» TASK PROMPT: Of all the lines in the entries below, give again exactly those starting at the line containing "(p0 - c) \<le>" and ending at the line containing "< \<gamma>\<close> \<open>t \<ge> 0\<close> by simp", both ends included, and no others.

(Dataset entries)
lemma logistic_supersolution_decay:
  assumes l: "0 \<le> l" "l \<le> 1" and "0 \<le> \<kappa>"
    and small: "\<And>p. 0 \<le> p \<Longrightarrow> p \<le> l \<Longrightarrow> r * (p * (1 - p)) \<le> 1 - \<kappa>"
  shows "logistic_supersolution r (\<lambda>t. l * exp (- \<kappa> * t)) (\<lambda>t. - \<kappa> * (l * exp (- \<kappa> * t)))"
  unfolding logistic_supersolution_def
proof (intro allI impI conjI)
  fix t :: real assume "t \<ge> 0"
  define P where "P = l * exp (- \<kappa> * t)"
  have "exp (- \<kappa> * t) \<le> 1" using \<open>0 \<le> \<kappa>\<close> \<open>t \<ge> 0\<close> by simp
  hence P: "0 \<le> P" "P \<le> l" unfolding P_def using l by (auto simp: mult_left_le)
  thus "0 \<le> l * exp (- \<kappa> * t)" "l * exp (- \<kappa> * t) \<le> 1" using l unfolding P_def by auto
  show "((\<lambda>t. l * exp (- \<kappa> * t)) has_real_derivative - \<kappa> * (l * exp (- \<kappa> * t))) (at t within {0..})"
    by (auto intro!: derivative_eq_intros)
  have "P * (r * (P * (1 - P)) - 1 + \<kappa>) \<le> 0" using P small[OF P] by (intro mult_nonneg_nonpos) auto
  thus "r * (l * exp (- \<kappa> * t))^2 * (1 - l * exp (- \<kappa> * t)) - l * exp (- \<kappa> * t)
      \<le> - \<kappa> * (l * exp (- \<kappa> * t))"
    unfolding P_def[symmetric] by (simp add: power2_eq_square algebra_simps)
qed

text \<open>On [c, p0] the logistic drift is at most -c (1 - r c (1 - c)).\<close>
lemma logistic_supersolution_relax:
  assumes c: "1/2 \<le> c" "c < p0" "p0 \<le> 1" and "0 \<le> r" "0 < \<gamma>"
    and rate: "\<gamma> * (p0 - c) \<le> c * (1 - r * (c * (1 - c)))"
  shows "logistic_supersolution r (\<lambda>t. c + (p0 - c) * exp (- \<gamma> * t)) (\<lambda>t. - \<gamma> * ((p0 - c) * exp (- \<gamma> * t)))"
  unfolding logistic_supersolution_def
proof (intro allI impI conjI)
  fix t :: real assume "t \<ge> 0"
  define Y where "Y = c + (p0 - c) * exp (- \<gamma> * t)"
  have "exp (- \<gamma> * t) \<le> 1" using \<open>0 < \<gamma>\<close> \<open>t \<ge> 0\<close> by simp
  hence decay_le: "(p0 - c) * exp (- \<gamma> * t) \<le> p0 - c" using c by (intro mult_left_le) auto
  moreover have "0 \<le> (p0 - c) * exp (- \<gamma> * t)" using c by simp
  ultimately have Y: "c \<le> Y" "Y \<le> p0" unfolding Y_def by linarith+
  thus "0 \<le> c + (p0 - c) * exp (- \<gamma> * t)" "c + (p0 - c) * exp (- \<gamma> * t) \<le> 1"
    using c unfolding Y_def by auto
  show "((\<lambda>t. c + (p0 - c) * exp (- \<gamma> * t)) has_real_derivative - \<gamma> * ((p0 - c) * exp (- \<gamma> * t)))
      (at t within {0..})"
    by (auto intro!: derivative_eq_intros)
  have "0 < \<gamma> * (p0 - c)" using c \<open>0 < \<gamma>\<close> by simp
  hence "0 < c * (1 - r * (c * (1 - c)))" using rate by linarith
  hence "r * (c * (1 - c)) < 1" using c by (simp add: zero_less_mult_iff)
  have "r * (Y * (1 - Y)) \<le> r * (c * (1 - c))"
    using Y c \<open>0 \<le> r\<close> by (intro mult_left_mono mult_one_minus_antimono_above_half) auto
  hence "Y * (r * (Y * (1 - Y)) - 1) \<le> c * (r * (Y * (1 - Y)) - 1)"
    using Y \<open>r * (c * (1 - c)) < 1\<close> by (intro mult_right_mono_neg) auto
  also have "\<dots> \<le> c * (r * (c * (1 - c)) - 1)"
    using \<open>r * (Y * (1 - Y)) \<le> r * (c * (1 - c))\<close> c by (intro mult_left_mono) auto
  also have "\<dots> \<le> - \<gamma> * (p0 - c)" using rate by (simp add: algebra_simps)
  also have "\<dots> \<le> - \<gamma> * ((p0 - c) * exp (- \<gamma> * t))"
    using mult_left_mono[OF decay_le, of \<gamma>] \<open>0 < \<gamma>\<close> by simp
  finally show "r * (c + (p0 - c) * exp (- \<gamma> * t))^2 * (1 - (c + (p0 - c) * exp (- \<gamma> * t)))
      - (c + (p0 - c) * exp (- \<gamma> * t)) \<le> - \<gamma> * ((p0 - c) * exp (- \<gamma> * t))"
    unfolding Y_def[symmetric] by (simp add: power2_eq_square algebra_simps)
qed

» EXERCISE OUTPUT:
    and rate: "\<gamma> * (p0 - c) \<le> c * (1 - r * (c * (1 - c)))"
  shows "logistic_supersolution r (\<lambda>t. c + (p0 - c) * exp (- \<gamma> * t)) (\<lambda>t. - \<gamma> * ((p0 - c) * exp (- \<gamma> * t)))"
  unfolding logistic_supersolution_def
proof (intro allI impI conjI)
  fix t :: real assume "t \<ge> 0"
  define Y where "Y = c + (p0 - c) * exp (- \<gamma> * t)"
  have "exp (- \<gamma> * t) \<le> 1" using \<open>0 < \<gamma>\<close> \<open>t \<ge> 0\<close> by simp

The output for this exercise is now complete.